• **EXERCISE OBJECTIVE**:
Lines outside the range are not wanted. Give again exactly the lines between the line holding "obtains W e" and the line holding "define A' where", inclusive, from the listing below.
-----
lemma real_symmetric_mat_deflation:
  fixes A :: "real mat"
  assumes A: "A \<in> carrier_mat (Suc m) (Suc m)" and sym: "transpose_mat A = A"
  obtains W e A3 where "W \<in> carrier_mat (Suc m) (Suc m)" "transpose_mat W * W = 1\<^sub>m (Suc m)"
    "A3 \<in> carrier_mat m m" "transpose_mat A3 = A3" "transpose_mat W * A * W = border_mat e A3"
proof -
  let ?n = "Suc m"
  obtain e v0 where "eigenvector A v0 e"
    using real_symmetric_mat_has_eigenvalue[OF A sym] unfolding eigenvalue_def by auto
  hence v0: "v0 \<in> carrier_vec ?n" "v0 \<noteq> 0\<^sub>v ?n" and Av0: "A *\<^sub>v v0 = e \<cdot>\<^sub>v v0"
    using A unfolding eigenvector_def by auto
  have "v0 \<bullet> v0 > 0" using conjugate_square_greater_0_vec[OF v0(1)] v0(2) by simp
  define v where "v = (1 / sqrt (v0 \<bullet> v0)) \<cdot>\<^sub>v v0"
  have v: "v \<in> carrier_vec ?n" "v \<bullet> v = 1" "A *\<^sub>v v = e \<cdot>\<^sub>v v"
    unfolding v_def using A v0 Av0 \<open>v0 \<bullet> v0 > 0\<close>
    by (auto simp: mult_mat_vec smult_smult_assoc mult.commute)
  obtain W where W: "W \<in> carrier_mat ?n ?n" and W0: "col W 0 = v"
    and WtW: "transpose_mat W * W = 1\<^sub>m ?n"
    using unit_vec_orthogonal_completion[OF v(1,2)] by blast
  define A' where "A' = transpose_mat W * A * W"
  have A': "A' \<in> carrier_mat ?n ?n" unfolding A'_def using W A by simp
  have "transpose_mat A' = transpose_mat W * transpose_mat (transpose_mat W * A)"
    unfolding A'_def using W A by (subst transpose_mult[of _ ?n ?n]) auto
  also have "transpose_mat (transpose_mat W * A) = transpose_mat A * W"
    using W A by (subst transpose_mult[of _ ?n ?n]) auto
  finally have "transpose_mat A' = A'"
    unfolding A'_def sym using W A by (simp add: assoc_mult_mat[of _ ?n ?n _ ?n _ ?n])
  hence A'_swap: "A' $$ (i, j) = A' $$ (j, i)" if "i < ?n" "j < ?n" for i j
    using that A' by (metis carrier_matD index_transpose_mat(1))
  have A'_col0: "A' $$ (i, 0) = (if i = 0 then e else 0)" if i: "i < ?n" for i
  proof -
    have "A' $$ (i, 0) = col W i \<bullet> (A *\<^sub>v col W 0)"
      unfolding A'_def using i W A by (simp add: assoc_mult_mat[of _ ?n ?n _ ?n _ ?n] mult_mat_vec_def)
    also have "\<dots> = e * (col W i \<bullet> col W 0)" using W0 v W i by simp
    also have "col W i \<bullet> col W 0 = (transpose_mat W * W) $$ (i, 0)" using i W by simp
    finally show ?thesis unfolding WtW using i by simp
  qed
  have A'_row0: "A' $$ (0, j) = (if j = 0 then e else 0)" if "j < ?n" for j
    using A'_col0[OF that] A'_swap[OF _ that] by simp
  define A3 where "A3 = mat m m (\<lambda>(i, j). A' $$ (Suc i, Suc j))"
  have "A' = border_mat e A3"
    unfolding A3_def using border_mat_of_zero_border[OF A'] A'_col0 A'_row0 by simp
  moreover have "transpose_mat A3 = A3"
    unfolding A3_def by (rule eq_matI) (auto simp: A'_swap)
  moreover have "A3 \<in> carrier_mat m m" unfolding A3_def by simp
  ultimately show ?thesis using that W WtW unfolding A'_def by blast
qed

lemma orthogonal_mat_mult:
  fixes W B :: "'a :: comm_ring_1 mat"
  assumes "W \<in> carrier_mat n n" "B \<in> carrier_mat n n"
    and "transpose_mat W * W = 1\<^sub>m n" "transpose_mat B * B = 1\<^sub>m n"
  shows "transpose_mat (W * B) * (W * B) = 1\<^sub>m n"
proof -
  have "transpose_mat (W * B) = transpose_mat B * transpose_mat W"
    using assms(1,2) by (rule transpose_mult)
  hence "transpose_mat (W * B) * (W * B) = transpose_mat B * (transpose_mat W * W) * B"
    using assms(1,2) by (simp add: assoc_mult_mat[of _ n n _ n _ n] mult_carrier_mat[of _ n n _ n])
  thus ?thesis using assms by simp
qed

lemma real_symmetric_orthogonal_diagonalization:
  fixes A :: "real mat"
  assumes "A \<in> carrier_mat n n" and "transpose_mat A = A"
  shows "\<exists>U d. U \<in> carrier_mat n n \<and> transpose_mat U * U = 1\<^sub>m n
                 \<and> A = U * mat_diag n d * transpose_mat U"
  using assms
proof (induction n arbitrary: A)
  case 0
  thus ?case by (intro exI[of _ "1\<^sub>m 0"] exI) (auto intro!: eq_matI)
next
  case (Suc m A)
  let ?n = "Suc m"
  have A: "A \<in> carrier_mat ?n ?n" using Suc.prems by simp
  obtain W e A3 where W: "W \<in> carrier_mat ?n ?n" and WtW: "transpose_mat W * W = 1\<^sub>m ?n"
    and "A3 \<in> carrier_mat m m" "transpose_mat A3 = A3"
    and WAW: "transpose_mat W * A * W = border_mat e A3"
    using real_symmetric_mat_deflation[OF A] Suc.prems by blast
  then obtain U3 d3 where U3: "U3 \<in> carrier_mat m m" and U3tU3: "transpose_mat U3 * U3 = 1\<^sub>m m"
    and A3_eq: "A3 = U3 * mat_diag m d3 * transpose_mat U3"
    using Suc.IH by blast
  define B where "B = border_mat 1 U3"
  define d where "d = case_nat e d3"
  have B: "B \<in> carrier_mat ?n ?n" unfolding B_def using U3 by auto
  have BtB: "transpose_mat B * B = 1\<^sub>m ?n"
    unfolding B_def transpose_border_mat using U3 by (simp add: border_mat_mult U3tU3 border_mat_one)
  have "B * mat_diag ?n d = border_mat e (U3 * mat_diag m d3)"
    unfolding B_def mat_diag_Suc d_def using border_mat_mult[OF U3 mat_diag_dim] by simp
  hence BDB: "transpose_mat W * A * W = B * mat_diag ?n d * transpose_mat B"
    unfolding WAW A3_eq B_def transpose_border_mat using U3 by (simp add: border_mat_mult[of _ m m _ m])
  have WWt: "W * transpose_mat W = 1\<^sub>m ?n"
    by (rule mat_mult_left_right_inverse[OF _ W WtW]) (use W in simp)
  have "(W * B) * mat_diag ?n d * transpose_mat (W * B)
      = W * (transpose_mat W * A * W) * transpose_mat W"
    unfolding BDB using W B
    by (simp add: transpose_mult[of _ ?n ?n] assoc_mult_mat[of _ ?n ?n _ ?n _ ?n]
                  mult_carrier_mat[of _ ?n ?n _ ?n])
  also have "\<dots> = (W * transpose_mat W) * A * (W * transpose_mat W)"
    using W A by (simp add: assoc_mult_mat[of _ ?n ?n _ ?n _ ?n] mult_carrier_mat[of _ ?n ?n _ ?n])
  also have "\<dots> = A" unfolding WWt using A by simp
  finally have "A = (W * B) * mat_diag ?n d * transpose_mat (W * B)" by simp
  moreover have "W * B \<in> carrier_mat ?n ?n" using W B by simp
  ultimately show ?case using orthogonal_mat_mult[OF W B WtW BtB] by blast
qed

lemma order_prod_linear_factors:
  fixes as :: "'a::idom list"
  shows "Polynomial.order x (\<Prod>a\<leftarrow>as. [:- a, 1:]) = length (filter (\<lambda>a. a = x) as)"
proof (induction as)
  case (Cons a as)
  let ?P = "\<Prod>a\<leftarrow>as. [:- a, 1:]"
  have "?P \<noteq> 0" unfolding prod_list_zero_iff by auto
  hence "[:- a, 1:] * ?P \<noteq> 0" by (intro no_zero_divisors) simp_all
  hence "Polynomial.order x (\<Prod>b\<leftarrow>a # as. [:- b, 1:])
       = Polynomial.order x [:- a, 1:] + Polynomial.order x ?P"
    unfolding list.map prod_list.Cons by (rule order_mult)
  moreover have "Polynomial.order x [:- a, 1:] = (if x = a then 1 else 0)"
    using order_power_n_n[of a 1] by (auto intro: order_0I)
  ultimately show ?case using Cons.IH by simp
qed simp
-----
• **ANSWER TO THE PROBLEM**:
  obtains W e A3 where "W \<in> carrier_mat (Suc m) (Suc m)" "transpose_mat W * W = 1\<^sub>m (Suc m)"
    "A3 \<in> carrier_mat m m" "transpose_mat A3 = A3" "transpose_mat W * A * W = border_mat e A3"
proof -
  let ?n = "Suc m"
  obtain e v0 where "eigenvector A v0 e"
    using real_symmetric_mat_has_eigenvalue[OF A sym] unfolding eigenvalue_def by auto
  hence v0: "v0 \<in> carrier_vec ?n" "v0 \<noteq> 0\<^sub>v ?n" and Av0: "A *\<^sub>v v0 = e \<cdot>\<^sub>v v0"
    using A unfolding eigenvector_def by auto
  have "v0 \<bullet> v0 > 0" using conjugate_square_greater_0_vec[OF v0(1)] v0(2) by simp
  define v where "v = (1 / sqrt (v0 \<bullet> v0)) \<cdot>\<^sub>v v0"
  have v: "v \<in> carrier_vec ?n" "v \<bullet> v = 1" "A *\<^sub>v v = e \<cdot>\<^sub>v v"
    unfolding v_def using A v0 Av0 \<open>v0 \<bullet> v0 > 0\<close>
    by (auto simp: mult_mat_vec smult_smult_assoc mult.commute)
  obtain W where W: "W \<in> carrier_mat ?n ?n" and W0: "col W 0 = v"
    and WtW: "transpose_mat W * W = 1\<^sub>m ?n"
    using unit_vec_orthogonal_completion[OF v(1,2)] by blast
  define A' where "A' = transpose_mat W * A * W"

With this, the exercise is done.